═══ THE RECORDS ═══

definition T :: "nat \<Rightarrow> (int \<times> int \<times> int) set" where
  "T n = triple_graph_verts (S0 n) (S1 n)"

definition tmax :: "int \<times> int \<times> int \<Rightarrow> int" where
  "tmax t = (case t of (a, b, c) \<Rightarrow> max a (max b c))"

definition tmset :: "int \<times> int \<times> int \<Rightarrow> int multiset" where
  "tmset t = (case t of (a, b, c) \<Rightarrow> {#a, b, c#})"

end

theory Submission imports Defs begin

text \<open>Writing s = n a_n and t = n b_n, every entry of the two triples is a continuant of
a word in s and t, and blocks of equal letters are evaluated by Fibonacci polynomials F_k(x).
With x = n, the letters s = x^3 + 3x and t = x^5 + 5x^3 + 5x are the Lucas polynomials L_3(x)
and L_5(x), so F_k(s) = F_{3k}(x)/F_3(x) and F_k(t) = F_{5k}(x)/F_5(x). Both largest entries
thus become explicit combinations of the F_{30j+m}(x), and a polynomial identity shows they
agree. The triples still differ: s occurs in the first but lies strictly below every entry of
the second.\<close>

fun continuant :: "nat list \<Rightarrow> int" where
  "continuant [] = 1"
| "continuant [a] = int a"
| "continuant (a # b # xs) = int a * continuant (b # xs) + continuant xs"

lemma continuant_pos: "\<forall>x\<in>set xs. 0 < x \<Longrightarrow> 0 < continuant xs"
  by (induction xs rule: continuant.induct) (auto simp: add_pos_pos)

lemma coprime_continuant_Cons: "coprime (continuant (a # xs)) (continuant xs)"
proof (induction xs arbitrary: a)
  case (Cons b xs)
  then have "coprime (continuant (b # xs)) (int a * continuant (b # xs) + continuant xs)"
    by (simp add: coprime_iff_gcd_eq_1 gcd_add_mult gcd.commute coprime_commute)
  then show ?case by (simp add: coprime_commute)
qed simp

lemma cfrac_eq_continuant_quotient:
  "xs \<noteq> [] \<Longrightarrow> \<forall>x\<in>set xs. 0 < x \<Longrightarrow>
    cfrac xs = of_int (continuant xs) / of_int (continuant (tl xs))"
proof (induction xs rule: cfrac.induct)
  case (3 a b xs)
  have "0 < continuant (b # xs)" using 3 by (intro continuant_pos) auto
  with 3 show ?case by (simp add: field_simps)
qed auto

lemma quotient_of_cfrac:
  assumes "xs \<noteq> []" and "\<forall>x\<in>set xs. 0 < x"
  shows "quotient_of (cfrac xs) = (continuant xs, continuant (tl xs))"
proof -
  obtain y ys where xs: "xs = y # ys" using assms(1) by (cases xs) auto
  have "0 < continuant ys" using assms xs by (intro continuant_pos) auto
  moreover have "coprime (continuant xs) (continuant ys)"
    using coprime_continuant_Cons xs by simp
  moreover have "cfrac xs = Fract (continuant xs) (continuant ys)"
    using cfrac_eq_continuant_quotient[OF assms] xs \<open>0 < continuant ys\<close>
    by (simp add: Fract_of_int_quotient)
  ultimately show ?thesis
    using xs by (simp add: quotient_of_Fract normalize_def coprime_iff_gcd_eq_1)
qed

═══

* TASK DETAILS
Show the lines from the data above that contain the string "close".

* WRITTEN REPLY
the second.\<close>
    using cfrac_eq_continuant_quotient[OF assms] xs \<open>0 < continuant ys\<close>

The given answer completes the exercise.